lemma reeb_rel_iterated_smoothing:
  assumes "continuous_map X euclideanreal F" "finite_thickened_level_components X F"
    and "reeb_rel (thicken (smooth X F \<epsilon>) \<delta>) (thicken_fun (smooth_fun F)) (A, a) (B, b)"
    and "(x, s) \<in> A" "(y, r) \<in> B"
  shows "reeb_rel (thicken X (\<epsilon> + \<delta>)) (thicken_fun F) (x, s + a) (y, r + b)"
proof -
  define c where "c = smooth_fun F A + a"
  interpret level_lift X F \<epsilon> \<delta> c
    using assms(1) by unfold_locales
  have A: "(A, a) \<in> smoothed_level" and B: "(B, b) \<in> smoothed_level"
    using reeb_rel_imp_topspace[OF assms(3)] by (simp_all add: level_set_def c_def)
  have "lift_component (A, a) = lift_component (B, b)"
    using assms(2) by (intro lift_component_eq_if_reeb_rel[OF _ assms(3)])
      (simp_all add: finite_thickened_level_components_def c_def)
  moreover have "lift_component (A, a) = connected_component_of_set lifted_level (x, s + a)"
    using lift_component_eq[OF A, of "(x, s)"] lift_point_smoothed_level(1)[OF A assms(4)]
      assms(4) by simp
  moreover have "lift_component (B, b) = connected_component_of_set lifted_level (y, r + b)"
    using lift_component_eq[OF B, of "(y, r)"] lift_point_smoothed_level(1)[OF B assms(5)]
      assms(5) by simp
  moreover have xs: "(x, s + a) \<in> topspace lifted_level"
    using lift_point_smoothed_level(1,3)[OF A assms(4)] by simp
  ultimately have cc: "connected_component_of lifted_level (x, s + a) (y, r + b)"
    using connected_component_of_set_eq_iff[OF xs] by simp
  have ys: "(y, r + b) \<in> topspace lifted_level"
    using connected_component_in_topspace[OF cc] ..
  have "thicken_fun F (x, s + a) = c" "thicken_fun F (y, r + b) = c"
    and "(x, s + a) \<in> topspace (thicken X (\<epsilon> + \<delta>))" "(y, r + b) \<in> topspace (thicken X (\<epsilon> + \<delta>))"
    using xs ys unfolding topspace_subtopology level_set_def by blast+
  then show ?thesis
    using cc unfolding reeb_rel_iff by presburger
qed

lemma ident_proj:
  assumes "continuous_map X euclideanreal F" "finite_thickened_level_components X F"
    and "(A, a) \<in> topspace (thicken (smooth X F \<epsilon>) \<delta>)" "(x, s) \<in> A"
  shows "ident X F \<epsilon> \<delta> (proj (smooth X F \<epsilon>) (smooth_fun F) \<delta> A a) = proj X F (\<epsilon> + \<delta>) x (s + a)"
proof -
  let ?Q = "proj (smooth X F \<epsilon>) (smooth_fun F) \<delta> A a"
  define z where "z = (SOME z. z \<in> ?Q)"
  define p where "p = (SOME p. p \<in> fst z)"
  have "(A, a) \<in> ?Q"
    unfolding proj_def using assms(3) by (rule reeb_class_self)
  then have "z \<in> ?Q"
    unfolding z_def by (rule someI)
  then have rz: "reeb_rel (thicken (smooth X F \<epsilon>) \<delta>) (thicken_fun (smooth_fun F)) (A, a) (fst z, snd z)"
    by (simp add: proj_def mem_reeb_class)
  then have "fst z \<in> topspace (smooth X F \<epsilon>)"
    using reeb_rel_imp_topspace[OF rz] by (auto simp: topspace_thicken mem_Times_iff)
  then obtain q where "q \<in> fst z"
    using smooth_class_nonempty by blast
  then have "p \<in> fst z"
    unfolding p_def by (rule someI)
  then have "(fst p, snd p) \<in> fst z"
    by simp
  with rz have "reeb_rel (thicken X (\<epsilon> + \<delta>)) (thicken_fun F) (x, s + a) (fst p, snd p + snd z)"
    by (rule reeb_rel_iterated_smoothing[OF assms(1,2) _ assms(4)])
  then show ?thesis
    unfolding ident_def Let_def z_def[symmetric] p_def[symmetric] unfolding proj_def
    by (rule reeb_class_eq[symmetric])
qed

+-------+

**Task goal:**
From the first line of the data through the line with "using assms(1) by unfold_locales", quote each line exactly and add nothing else.

**Finished exercise:**
lemma reeb_rel_iterated_smoothing:
  assumes "continuous_map X euclideanreal F" "finite_thickened_level_components X F"
    and "reeb_rel (thicken (smooth X F \<epsilon>) \<delta>) (thicken_fun (smooth_fun F)) (A, a) (B, b)"
    and "(x, s) \<in> A" "(y, r) \<in> B"
  shows "reeb_rel (thicken X (\<epsilon> + \<delta>)) (thicken_fun F) (x, s + a) (y, r + b)"
proof -
  define c where "c = smooth_fun F A + a"
  interpret level_lift X F \<epsilon> \<delta> c
    using assms(1) by unfold_locales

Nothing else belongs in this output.